Records provided >>
(* Let $k$ be a field of characteristic zero, $n\ge3$, $R=k[x_1,\ldots,x_{2n}]$, and $M$ the $2\times n$ generic matrix whose entries are the variables $x_1,\ldots,x_{2n}$. Let $J=I_2(M)$ be the ideal of $2\times2$ minors of $M$ (of height $n-1$), $\Theta$ its Jacobian matrix, and $I=J+I_{n-1}(\Theta)$ the Jacobian ideal of $J$. Then $I_{n-1}(\Theta)=(x_1,\ldots,x_{2n})^{n-1}$ and the pair $J\subseteq I$ is Aluffi torsion-free.
   Context: A pair of ideals $J\subseteq I$ in a ring $R$ is called Aluffi torsion-free if $J\cap I^n=JI^{n-1}$ for all $n\ge1$ (with $I^0=R$). For an ideal $J=(f_1,\ldots,f_t)$ of height $r$ in a polynomial ring, with Jacobian matrix $\Theta=(\partial f_i/\partial x_j)$ and $I_r(\Theta)$ the ideal of $r\times r$ minors of $\Theta$, the Jacobian ideal of $J$ is $J+I_r(\Theta)$. *)

theory Defs
  imports "HOL-Library.Poly_Mapping" "HOL-Combinatorics.Permutations"
begin

text \<open>Multivariate polynomials over a coefficient ring, in variables indexed by nat
  (variable x_{i+1} of the paper is Var i): maps from monomials (exponent vectors
  nat =>0 nat) to coefficients, with the convolution product of Poly_Mapping.\<close>
type_synonym 'a mpoly = "(nat \<Rightarrow>\<^sub>0 nat) \<Rightarrow>\<^sub>0 'a"

definition Var :: "nat \<Rightarrow> 'a::comm_ring_1 mpoly" where
  "Var i = Poly_Mapping.single (Poly_Mapping.single i 1) 1"

definition pd :: "nat \<Rightarrow> 'a::comm_ring_1 mpoly \<Rightarrow> 'a mpoly" where
  "pd i p = (\<Sum>(m::nat \<Rightarrow>\<^sub>0 nat)\<in>Poly_Mapping.keys p. Poly_Mapping.single (m - Poly_Mapping.single i 1)
                              (of_nat (Poly_Mapping.lookup m i) * Poly_Mapping.lookup p m))"

definition ideal_gen :: "'a::comm_ring_1 set \<Rightarrow> 'a set" where
  "ideal_gen S = {x. \<exists>F c. finite F \<and> F \<subseteq> S \<and> x = (\<Sum>s\<in>F. c s * s)}"

definition ideal_mult :: "'a::comm_ring_1 set \<Rightarrow> 'a set \<Rightarrow> 'a set" where
  "ideal_mult I K = ideal_gen {a * b | a b. a \<in> I \<and> b \<in> K}"

definition ideal_add :: "'a::comm_ring_1 set \<Rightarrow> 'a set \<Rightarrow> 'a set" where
  "ideal_add I K = ideal_gen (I \<union> K)"

fun ideal_pow :: "'a::comm_ring_1 set \<Rightarrow> nat \<Rightarrow> 'a set" where
  "ideal_pow I 0 = UNIV"
| "ideal_pow I (Suc m) = ideal_mult (ideal_pow I m) I"

definition aluffi_torsion_free :: "'a::comm_ring_1 set \<Rightarrow> 'a set \<Rightarrow> bool" where
  "aluffi_torsion_free J I \<longleftrightarrow> J \<subseteq> I \<and>
     (\<forall>m\<ge>1. J \<inter> ideal_pow I m = ideal_mult J (ideal_pow I (m - 1)))"

definition minor :: "('r \<Rightarrow> 'c \<Rightarrow> 'a::comm_ring_1) \<Rightarrow> 'r list \<Rightarrow> 'c list \<Rightarrow> 'a" where
  "minor A rs cs = (\<Sum>p | p permutes {..<length rs}.
      of_int (sign p) * (\<Prod>i<length rs. A (rs ! i) (cs ! p i)))"

definition minors_ideal :: "nat \<Rightarrow> 'r set \<Rightarrow> 'c set \<Rightarrow> ('r \<Rightarrow> 'c \<Rightarrow> 'a::comm_ring_1) \<Rightarrow> 'a set" where
  "minors_ideal r Rows Cols A = ideal_gen {minor A rs cs | rs cs.
      length rs = r \<and> length cs = r \<and> distinct rs \<and> distinct cs \<and>
      set rs \<subseteq> Rows \<and> set cs \<subseteq> Cols}"

definition genmat :: "nat \<Rightarrow> nat \<Rightarrow> nat \<Rightarrow> 'a::comm_ring_1 mpoly" where
  "genmat n r j = (if r = 0 then Var j else Var (n + j))"

definition gmin2 :: "nat \<Rightarrow> nat \<times> nat \<Rightarrow> 'a::comm_ring_1 mpoly" where
  "gmin2 n ij = genmat n 0 (fst ij) * genmat n 1 (snd ij) - genmat n 0 (snd ij) * genmat n 1 (fst ij)"

definition gen_idx :: "nat \<Rightarrow> (nat \<times> nat) set" where
  "gen_idx n = {(i, j). i < j \<and> j < n}"

definition jacobian :: "nat \<Rightarrow> nat \<times> nat \<Rightarrow> nat \<Rightarrow> 'a::comm_ring_1 mpoly" where
  "jacobian n ij v = pd v (gmin2 n ij)"

end

theory Submission
  imports Defs "HOL-Library.Set_Algebras"
begin

text \<open>Let m be the ideal of the 2n variables. Every entry of the Jacobian matrix of the 2 x 2 minors
  f_ij is 0 or plus or minus a variable, so every (n-1)-minor lies in m^(n-1). Conversely every
  monomial of degree n-1 is, up to sign, a triangular (n-1)-minor: its variables are the edges of a
  spanning tree on the n columns of the generic matrix, and each edge selects a row f_ij and a
  column of the Jacobian. Hence I = J + m^(n-1).

  Torsion-freeness then only uses that J is generated by forms of degree 2 <= n-1: every element
  of I^k is congruent modulo J I^(k-1) to an element of m^((n-1)k), and an element of J all of
  whose monomials have degree at least t+2 already lies in J m^t.

  The Jacobian entries are variables with coefficients plus or minus 1, so the argument works over
  any commutative ring.\<close>

section \<open>Ideals of a commutative ring\<close>

definition is_ideal :: "'a::comm_ring_1 set \<Rightarrow> bool" where
  "is_ideal T \<longleftrightarrow> 0 \<in> T \<and> (\<forall>x\<in>T. \<forall>y\<in>T. x + y \<in> T) \<and> (\<forall>c. \<forall>x\<in>T. c * x \<in> T)"

lemma is_idealD:
  assumes "is_ideal T"
  shows ideal_zero: "0 \<in> T"
    and ideal_add_closed: "x \<in> T \<Longrightarrow> y \<in> T \<Longrightarrow> x + y \<in> T"
    and ideal_mult_closed: "x \<in> T \<Longrightarrow> c * x \<in> T"
  using assms by (auto simp: is_ideal_def)

lemma ideal_uminus_closed: "is_ideal T \<Longrightarrow> x \<in> T \<Longrightarrow> - x \<in> T"
  by (metis ideal_mult_closed mult_minus1)

lemma ideal_diff_closed: "is_ideal T \<Longrightarrow> x \<in> T \<Longrightarrow> y \<in> T \<Longrightarrow> x - y \<in> T"
  by (metis ideal_add_closed ideal_uminus_closed diff_conv_add_uminus)

lemma ideal_sum_closed: "is_ideal T \<Longrightarrow> (\<And>i. i \<in> A \<Longrightarrow> f i \<in> T) \<Longrightarrow> sum f A \<in> T"
  by (induction A rule: infinite_finite_induct) (auto intro: ideal_zero ideal_add_closed)

lemma is_ideal_UNIV: "is_ideal UNIV"
  by (simp add: is_ideal_def)

lemma is_ideal_set_plus:
  assumes "is_ideal A" "is_ideal B"
  shows "is_ideal (A + B)"
  unfolding is_ideal_def
proof (intro conjI ballI allI)
  show "0 \<in> A + B"
    using set_plus_intro[OF ideal_zero[OF assms(1)] ideal_zero[OF assms(2)]] by simp
next
  fix x y assume "x \<in> A + B" "y \<in> A + B"
  then obtain a b a' b' where "x = a + b" "y = a' + b'" "a \<in> A" "b \<in> B" "a' \<in> A" "b' \<in> B"
    by (meson set_plus_elim)
  then show "x + y \<in> A + B"
    using set_plus_intro[of "a + a'" A "b + b'" B] assms
    by (simp add: ideal_add_closed algebra_simps)
next
  fix c x assume "x \<in> A + B"
  then obtain a b where "x = a + b" "a \<in> A" "b \<in> B"
    by (rule set_plus_elim)
  then show "c * x \<in> A + B"
    using set_plus_intro[of "c * a" A "c * b" B] assms
    by (simp add: ideal_mult_closed distrib_left)
qed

What you need to do >>
Among the records above, extract exactly the lines from the line with "spanning tree on" to the line with "The Jacobian entries", both lines included, and leave out the rest.

Answer below >>
  spanning tree on the n columns of the generic matrix, and each edge selects a row f_ij and a
  column of the Jacobian. Hence I = J + m^(n-1).

  Torsion-freeness then only uses that J is generated by forms of degree 2 <= n-1: every element
  of I^k is congruent modulo J I^(k-1) to an element of m^((n-1)k), and an element of J all of
  whose monomials have degree at least t+2 already lies in J m^t.

  The Jacobian entries are variables with coefficients plus or minus 1, so the argument works over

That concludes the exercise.